L’étape franchie est importante, mais la route est encore longue… Une manière un peu lapidaire de résumer le vote en plénière du Parlement européen, mardi 4 juillet, du « reporting public pays par pays ». Les députés européens ont adopté, en la musclant, cette importante proposition de directive de la Commission européenne, obligeant les multinationales à publier tous les ans les informations liées à leurs activités. Mais, pour que cette loi puisse être promulguée, il faut encore que les Etats membres tombent d’accord au sein du Conseil européen, ce qui n’a rien de gagné.

Le « reporting » pays par pays est une manière jugée efficace de lutter contre la fraude fiscale, puisque les informations publiées permettent théoriquement de vérifier si les entreprises sont effectivement taxées en rapport avec leur activité réelle dans les Etats où elles sont implantées. La Commission Juncker a rendu public son projet de texte juste après les révélations des « Panama papers », en avril 2016, et dans la foulée du scandale « LuxLeaks », fin 2014.

Intenses tractations

Le sujet est très sensible, et a tout de suite suscité un accueil très négatif des lobbys du « business ». Au Parlement européen, il a donné lieu à d’intenses tractations entre groupes politiques, qui sont finalement tombés d’accord sur un texte assez fidèle à la proposition initiale. Qu’en retenir ? Les sociétés enregistrant un chiffre d’affaires supérieur à 750 millions d’euros par an ou plus au niveau mondial devraient rendre publiques leurs informations dans toutes les juridictions fiscales où elles sont implantées.
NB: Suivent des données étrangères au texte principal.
(* Let $\vec f=(f_1,\dots,f_n)$ be a profile of acknowledgement-based protocols, let $i\in[n]$, and fix a protocol $f_i'$ for player $i$. For $\tau^*\ge1$ and a history $h_{i,\tau^*}=(a_{i,1},\dots,a_{i,\tau^*})$ consistent with $(\vec f_{-i},f_i')$, let $r_i(h_{i,\tau^*})$ be the protocol that plays $a_{i,t}$ with probability $1$ at each slot $1\le t\le\tau^*$ and follows $f'_{i,t}$ for $t>\tau^*$. If there exists a finite $\tau^*\ge1$ such that $C_i^{(\vec f_{-i},r_i(h_{i,\tau^*}))}(h_0)\ge C_i^{(\vec f_{-i},f_i)}(h_0)$ for every such $h_{i,\tau^*}$, then $C_i^{(\vec f_{-i},f_i')}(h_0)\ge C_i^{(\vec f_{-i},f_i)}(h_0)$.
   Context: Contention game: $n$ players, channels $K=\{1,\dots,k\}$, slots $t=1,2,\dots$; each player has one packet, initially pending; in each slot a pending player chooses (possibly randomly) an action in $\{0,1,\dots,k\}$ ($0$ = idle, $a$ = transmit on channel $a$); a lone transmitter on a channel succeeds and leaves, colliding transmitters remain pending. Acknowledgement-based protocols: decision rules depend only on the player's personal action history; only transmitting players learn whether they succeeded. $T_i$ is player $i$'s latency and $C_i^{\vec g}(h_0)=\mathbb E[T_i\mid \vec g]$ her unconditional expected latency under profile $\vec g$; $(\vec f_{-i},g_i)$ is $\vec f$ with $f_i$ replaced by $g_i$. A history is consistent with a profile if it occurs for player $i$ with positive probability under it. *)

theory Defs
  imports "HOL-Probability.Probability"
begin

(* An action is a natural number: 0 = idle, a \<in> {1..k} = transmit on channel a.
   A personal history is the list of the player's own past actions.
   An acknowledgement-based protocol maps the personal history to a distribution
   over the next action.  (While pending, a player only ever receives "failure"
   feedback, so the action history is the whole information.) *)
type_synonym protocol = "nat list \<Rightarrow> nat pmf"

definition valid_protocol :: "nat \<Rightarrow> protocol \<Rightarrow> bool" where
  "valid_protocol k g \<longleftrightarrow> (\<forall>h. set_pmf (g h) \<subseteq> {0..k})"

(* Global state: for every player j, (pending flag, personal action history).
   Players are 0..n-1.  After a player has succeeded, its protocol is still
   consulted (its "intended" action stream keeps being recorded) but these
   actions do not affect anybody. *)
type_synonym state = "nat \<Rightarrow> bool \<times> nat list"

definition lone_success :: "nat \<Rightarrow> state \<Rightarrow> (nat \<Rightarrow> nat) \<Rightarrow> nat \<Rightarrow> bool" where
  "lone_success n s a j \<longleftrightarrow> fst (s j) \<and> a j \<noteq> 0 \<and>
      (\<forall>j'<n. j' \<noteq> j \<and> fst (s j') \<longrightarrow> a j' \<noteq> a j)"

definition step :: "nat \<Rightarrow> (nat \<Rightarrow> protocol) \<Rightarrow> state \<Rightarrow> state pmf" where
  "step n f s =
     map_pmf (\<lambda>a j. if j < n
                     then (fst (s j) \<and> \<not> lone_success n s a j, snd (s j) @ [a j])
                     else s j)
       (Pi_pmf {..<n} 0 (\<lambda>j. f j (snd (s j))))"

fun state_dist :: "nat \<Rightarrow> (nat \<Rightarrow> protocol) \<Rightarrow> nat \<Rightarrow> state pmf" where
  "state_dist n f 0 = return_pmf (\<lambda>j. (j < n, []))"
| "state_dist n f (Suc t) = bind_pmf (state_dist n f t) (step n f)"

(* C_i^f(h_0) = E[T_i] = sum_{t>=0} Pr[T_i > t] = sum_t Pr[i still pending after t slots]
   (in [0,\<infinity>]) *)
definition exp_latency :: "nat \<Rightarrow> (nat \<Rightarrow> protocol) \<Rightarrow> nat \<Rightarrow> ennreal" where
  "exp_latency n f i = (\<Sum>t. ennreal (measure_pmf.prob (state_dist n f t) {s. fst (s i)}))"

definition consistent :: "nat \<Rightarrow> (nat \<Rightarrow> protocol) \<Rightarrow> nat \<Rightarrow> nat list \<Rightarrow> bool" where
  "consistent n f i h \<longleftrightarrow>
     measure_pmf.prob (state_dist n f (length h)) {s. snd (s i) = h} > 0"

definition replay :: "nat list \<Rightarrow> protocol \<Rightarrow> protocol" where
  "replay h g = (\<lambda>hist. if length hist < length h then return_pmf (h ! length hist) else g hist)"

end

theory Submission
  imports Defs
begin

text \<open>
  Actions depend only on the player's own history, and the model records a player's actions
  even after her success, so the players' histories evolve independently: after \<open>t\<close> slots
  they are independent, player \<open>j\<close>'s history being distributed as a solo run of \<open>f j\<close>, and
  the global state is a deterministic function of them. Splitting player \<open>i\<close>'s run of
  \<open>f'\<close> at its first \<open>\<tau>\<close> actions shows that the state distribution under \<open>f(i := f')\<close> is
  the mixture, over histories \<open>h\<close> of a solo run of \<open>f'\<close>, of the state distributions under
  \<open>f(i := replay h f')\<close>. The expected latency is a sum of probabilities and hence commutes
  with the mixture, whose weights lie exactly on the consistent histories.
\<close>

fun history_pmf :: "protocol \<Rightarrow> nat \<Rightarrow> nat list pmf" where
  "history_pmf g 0 = return_pmf []"
| "history_pmf g (Suc t) = bind_pmf (history_pmf g t) (\<lambda>x. map_pmf (\<lambda>a. x @ [a]) (g x))"

lemma length_history_pmf: "x \<in> set_pmf (history_pmf g t) \<Longrightarrow> length x = t"
  by (induction t arbitrary: x) auto

lemma map_take_history_pmf:
  "t \<le> \<tau> \<Longrightarrow> map_pmf (take t) (history_pmf g \<tau>) = history_pmf g t"
proof (induction \<tau>)
  case (Suc \<tau>)
  show ?case
  proof (cases "t = Suc \<tau>")
    case True
    then show ?thesis
      by (simp add: map_pmf_idI length_history_pmf del: history_pmf.simps)
  next
    case False
    then have "t \<le> \<tau>" using Suc.prems by simp
    have "map_pmf (take t) (history_pmf g (Suc \<tau>))
          = bind_pmf (history_pmf g \<tau>) (\<lambda>x. return_pmf (take t x))"
      unfolding history_pmf.simps map_bind_pmf map_pmf_comp
      by (intro bind_pmf_cong refl) (simp add: \<open>t \<le> \<tau>\<close> length_history_pmf)
    also have "\<dots> = history_pmf g t"
      using Suc.IH \<open>t \<le> \<tau>\<close> by (simp add: map_pmf_def)
    finally show ?thesis .
  qed
qed simp

lemma history_pmf_replay_prefix:
  "t \<le> length h \<Longrightarrow> history_pmf (replay h g) t = return_pmf (take t h)"
  by (induction t) (auto simp: replay_def take_Suc_conv_app_nth bind_return_pmf)

lemma history_pmf_replay_mixture:
  "history_pmf g t = bind_pmf (history_pmf g \<tau>) (\<lambda>h. history_pmf (replay h g) t)"
proof (induction t)
  case 0
  show ?case by simp
next
  case (Suc t)
  show ?case
  proof (cases "Suc t \<le> \<tau>")
    case True
    have "bind_pmf (history_pmf g \<tau>) (\<lambda>h. history_pmf (replay h g) (Suc t))
          = map_pmf (take (Suc t)) (history_pmf g \<tau>)"
      unfolding map_pmf_def using True
      by (intro bind_pmf_cong refl) (simp add: history_pmf_replay_prefix length_history_pmf
                                         del: history_pmf.simps)
    then show ?thesis
      using map_take_history_pmf[OF True] by simp
  next
    case False
    have "history_pmf g (Suc t) = bind_pmf (history_pmf g \<tau>) (\<lambda>h.
            bind_pmf (history_pmf (replay h g) t) (\<lambda>x. map_pmf (\<lambda>a. x @ [a]) (g x)))"
      by (simp only: history_pmf.simps Suc.IH bind_assoc_pmf)
    also have "\<dots> = bind_pmf (history_pmf g \<tau>) (\<lambda>h. history_pmf (replay h g) (Suc t))"
      using False
      by (auto simp: replay_def dest!: length_history_pmf intro!: bind_pmf_cong)
    finally show ?thesis .
  qed
qed

definition histories_pmf :: "nat \<Rightarrow> (nat \<Rightarrow> protocol) \<Rightarrow> nat \<Rightarrow> (nat \<Rightarrow> nat list) pmf" where
  "histories_pmf n f t = Pi_pmf {..<n} [] (\<lambda>j. history_pmf (f j) t)"

lemma set_histories_pmf:
  assumes "hs \<in> set_pmf (histories_pmf n f t)"
  shows "\<forall>j<n. length (hs j) = t" and "\<forall>j\<ge>n. hs j = []"
proof -
  have "hs \<in> PiE_dflt {..<n} [] (\<lambda>j. set_pmf (history_pmf (f j) t))"
    using assms unfolding histories_pmf_def by (subst (asm) set_Pi_pmf) (auto simp: o_def)
  then show "\<forall>j<n. length (hs j) = t" and "\<forall>j\<ge>n. hs j = []"
    by (auto simp: PiE_dflt_def dest: length_history_pmf)
qed

lemma Pi_pmf_map_componentwise:
  assumes "finite A"
  shows "Pi_pmf A d (\<lambda>j. map_pmf (g j) (p j)) =
         map_pmf (\<lambda>a j. if j \<in> A then g j (a j) else d) (Pi_pmf A d' p)"
proof -
  have "Pi_pmf A d (\<lambda>j. map_pmf (g j) (p j)) =
        Pi_pmf A d (\<lambda>j. bind_pmf (p j) (\<lambda>a. return_pmf (g j a)))"
    by (simp add: map_pmf_def)
  also have "\<dots> = bind_pmf (Pi_pmf A d' p) (\<lambda>a. Pi_pmf A d (\<lambda>j. return_pmf (g j (a j))))"
    by (rule Pi_pmf_bind[OF assms])
  finally show ?thesis
    using assms by (simp add: map_pmf_def)
qed

lemma histories_pmf_Suc:
  "histories_pmf n f (Suc t) = bind_pmf (histories_pmf n f t) (\<lambda>hs.
     map_pmf (\<lambda>a j. if j < n then hs j @ [a j] else []) (Pi_pmf {..<n} 0 (\<lambda>j. f j (hs j))))"
proof -
  have "histories_pmf n f (Suc t) = bind_pmf (histories_pmf n f t) (\<lambda>hs.
          Pi_pmf {..<n} [] (\<lambda>j. map_pmf (\<lambda>a. hs j @ [a]) (f j (hs j))))"
    unfolding histories_pmf_def by (simp add: Pi_pmf_bind[where d'="[]"])
  then show ?thesis
    by (simp add: Pi_pmf_map_componentwise[where d'=0])
qed

definition slot_update :: "nat \<Rightarrow> state \<Rightarrow> (nat \<Rightarrow> nat) \<Rightarrow> state" where
  "slot_update n s a = (\<lambda>j. if j < n
     then (fst (s j) \<and> \<not> lone_success n s a j, snd (s j) @ [a j]) else s j)"

lemma step_eq_map_slot_update:
  "step n f s = map_pmf (slot_update n s) (Pi_pmf {..<n} 0 (\<lambda>j. f j (snd (s j))))"
  unfolding step_def slot_update_def ..

lemma slot_update_cong: "(\<And>j. j < n \<Longrightarrow> a j = b j) \<Longrightarrow> slot_update n s a = slot_update n s b"
  unfolding slot_update_def lone_success_def by (intro ext) auto

fun state_of_histories :: "nat \<Rightarrow> nat \<Rightarrow> (nat \<Rightarrow> nat list) \<Rightarrow> state" where
  "state_of_histories n 0 hs = (\<lambda>j. (j < n, []))"
| "state_of_histories n (Suc t) hs =
     slot_update n (state_of_histories n t (\<lambda>j. butlast (hs j))) (\<lambda>j. last (hs j))"

lemma snd_state_of_histories:
  "\<forall>j<n. length (hs j) = t \<Longrightarrow> j < n \<Longrightarrow> snd (state_of_histories n t hs j) = hs j"
proof (induction t arbitrary: hs)
  case (Suc t)
  then have "snd (state_of_histories n t (\<lambda>j. butlast (hs j)) j) = butlast (hs j)"
    by simp
  moreover have "hs j \<noteq> []"
    using Suc.prems by auto
  ultimately show ?case
    using Suc.prems by (simp add: slot_update_def)
qed simp

lemma state_dist_eq_map_histories:
  "state_dist n f t = map_pmf (state_of_histories n t) (histories_pmf n f t)"
proof (induction t)
  case 0
  show ?case by (simp add: histories_pmf_def)
next
  case (Suc t)
  let ?extend = "\<lambda>hs a j. if j < n then hs j @ [a j] else []"
  have "step n f (state_of_histories n t hs) =
        map_pmf (state_of_histories n (Suc t) \<circ> ?extend hs) (Pi_pmf {..<n} 0 (\<lambda>j. f j (hs j)))"
    if hs: "hs \<in> set_pmf (histories_pmf n f t)" for hs
  proof -
    note lengths = set_histories_pmf[OF hs]
    have "Pi_pmf {..<n} 0 (\<lambda>j. f j (snd (state_of_histories n t hs j)))
          = Pi_pmf {..<n} 0 (\<lambda>j. f j (hs j))"
      by (rule Pi_pmf_cong) (auto simp: snd_state_of_histories lengths)
    moreover have "(\<lambda>j. butlast (?extend hs a j)) = hs" for a
      using lengths by auto
    ultimately show ?thesis
      unfolding step_eq_map_slot_update
      by (auto intro!: map_pmf_cong slot_update_cong)
  qed
  then show ?case
    unfolding Suc state_dist.simps bind_map_pmf histories_pmf_Suc map_bind_pmf map_pmf_comp
    by (intro bind_pmf_cong refl) (simp add: o_def)
qed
Ces informations (nombre d’employés, montant des profits et des impôts payés, liste des exemptions fiscales si elles existent…) doivent être accessibles gratuitement en ligne et transmises aux administrations fiscales nationales. Les eurodéputés sont allés plus loin que la Commission, en exigeant ces informations de manière « désagrégées » dans tous les pays où opèrent les multinationales, y compris hors de l’Union européenne (UE). Donc : aux Etats-Unis, en Chine, mais aussi, par exemple, dans de notoires paradis fiscaux comme le Panama ou les îles Caïmans.

Le groupe des élus Verts, très actif dans la lutte contre la fraude et l’évasion fiscale à Strasbourg, a aussi réussi à faire voter une obligation d’informer sur les éventuelles « patent box », ces systèmes de déduction fiscale pour financer la recherche et développement souvent détournés pour faire de l’optimisation fiscale.

Clause d’exemption

En revanche, les conservateurs (groupe politique majoritaire) ont su imposer une « exemption » de publication pour les multinationales concernant des informations jugées « commercialement sensibles ». Exemption à réclamer chaque année aux administrations fiscales, qui peuvent la renouveler indéfiniment.

Il y a un « risque évident » que cette clause d’exemption « soit utilisée abusivement par les multinationales pour éviter de rendre publiques certaines opérations dans certains pays. Cela désavantage les entreprises qui n’ont rien à cacher », a réagi Katja Lehto-Komulainen, secrétaire générale adjointe de la Confédération européenne des syndicats, après le vote, mardi.

Pour que le texte soit définitivement adopté à Bruxelles, il doit encore être validé par le Conseil, puis cette institution aura à transiger avec le Parlement. « On craint qu’il n’y ait pas d’accord en vue au Conseil avant novembre, avant les élections fédérales allemandes en tout cas, regrette une source parlementaire. L’Allemagne et les Pays-Bas font partie des membres les plus réticents. »

Un texte pour protéger les lanceurs d’alerte

Volontariste, la Commission Juncker, qui a déjà su imposer, en 2015, une directive sur la transparence des « rulings » (les accords fiscaux entre Etats et multinationales), ne compte pas en rester là. Elle continue à travailler à sa propre liste des paradis fiscaux qui pourrait être prête pour décembre. Sera t-elle consistante et vraiment efficace ? A condition que les sanctions associées soient vraiment dissuasives.

Bruxelles réfléchit également à un texte pour protéger les lanceurs d’alerte, sans qui bien des scandales fiscaux, à commencer par « LuxLeaks« , n’auraient pas pu voir le jour. Peut-être sera t-il prêt avant fin 2017. Elle espère enfin que sa proposition d’une « assiette commune consolidée » de l’impôt sur les sociétés dans l’Union ne tombe pas aux oubliettes. Le risque est important : Malte ou le Luxembourg ont déjà dit tout le mal qu’ils en pensaient. Or, ce texte requiert l’unanimité, comme toutes les dispositions fiscales au niveau de l’Union.